# [Brief]
Write out every line exactly, from the first line of the records below through the line that contains "(simp add: inverse_eq_divide)".

# [Study material]
****************************************

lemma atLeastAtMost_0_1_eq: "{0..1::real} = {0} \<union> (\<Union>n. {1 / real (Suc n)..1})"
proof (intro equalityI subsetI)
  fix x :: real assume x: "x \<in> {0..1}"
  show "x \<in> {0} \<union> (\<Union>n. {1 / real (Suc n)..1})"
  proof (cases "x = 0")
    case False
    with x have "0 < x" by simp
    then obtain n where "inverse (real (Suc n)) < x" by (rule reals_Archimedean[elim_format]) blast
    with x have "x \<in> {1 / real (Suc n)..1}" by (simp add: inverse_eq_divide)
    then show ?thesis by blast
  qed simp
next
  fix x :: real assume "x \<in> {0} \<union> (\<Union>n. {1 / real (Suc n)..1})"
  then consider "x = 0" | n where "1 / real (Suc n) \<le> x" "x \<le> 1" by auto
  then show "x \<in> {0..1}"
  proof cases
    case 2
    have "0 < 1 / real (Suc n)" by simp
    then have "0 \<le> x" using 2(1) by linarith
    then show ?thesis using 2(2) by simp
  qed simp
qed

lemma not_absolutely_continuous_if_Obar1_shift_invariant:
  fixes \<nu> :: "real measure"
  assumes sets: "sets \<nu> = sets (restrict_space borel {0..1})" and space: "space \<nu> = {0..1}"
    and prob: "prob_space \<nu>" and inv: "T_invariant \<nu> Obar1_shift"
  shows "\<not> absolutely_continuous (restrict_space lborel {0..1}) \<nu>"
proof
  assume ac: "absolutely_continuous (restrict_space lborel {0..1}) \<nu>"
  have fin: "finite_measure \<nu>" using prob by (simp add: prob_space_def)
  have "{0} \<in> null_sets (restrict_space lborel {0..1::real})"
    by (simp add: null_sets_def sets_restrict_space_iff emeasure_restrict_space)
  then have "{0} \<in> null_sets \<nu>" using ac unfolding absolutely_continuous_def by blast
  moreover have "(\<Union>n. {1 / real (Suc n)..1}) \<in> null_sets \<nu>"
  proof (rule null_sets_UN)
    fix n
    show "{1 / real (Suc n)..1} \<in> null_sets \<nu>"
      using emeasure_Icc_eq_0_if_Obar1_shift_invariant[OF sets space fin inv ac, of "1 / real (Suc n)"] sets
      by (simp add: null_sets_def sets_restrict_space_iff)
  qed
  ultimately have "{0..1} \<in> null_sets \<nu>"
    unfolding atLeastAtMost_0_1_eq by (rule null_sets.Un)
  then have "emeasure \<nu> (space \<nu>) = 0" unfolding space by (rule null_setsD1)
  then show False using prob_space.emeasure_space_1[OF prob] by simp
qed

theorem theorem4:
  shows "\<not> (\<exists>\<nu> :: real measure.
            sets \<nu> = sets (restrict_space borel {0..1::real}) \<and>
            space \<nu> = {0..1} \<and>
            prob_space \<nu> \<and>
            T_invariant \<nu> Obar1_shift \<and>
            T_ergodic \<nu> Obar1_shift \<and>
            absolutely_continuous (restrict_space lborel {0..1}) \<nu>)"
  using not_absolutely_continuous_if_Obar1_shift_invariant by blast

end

****************************************

# [Task result]
lemma atLeastAtMost_0_1_eq: "{0..1::real} = {0} \<union> (\<Union>n. {1 / real (Suc n)..1})"
proof (intro equalityI subsetI)
  fix x :: real assume x: "x \<in> {0..1}"
  show "x \<in> {0} \<union> (\<Union>n. {1 / real (Suc n)..1})"
  proof (cases "x = 0")
    case False
    with x have "0 < x" by simp
    then obtain n where "inverse (real (Suc n)) < x" by (rule reals_Archimedean[elim_format]) blast
    with x have "x \<in> {1 / real (Suc n)..1}" by (simp add: inverse_eq_divide)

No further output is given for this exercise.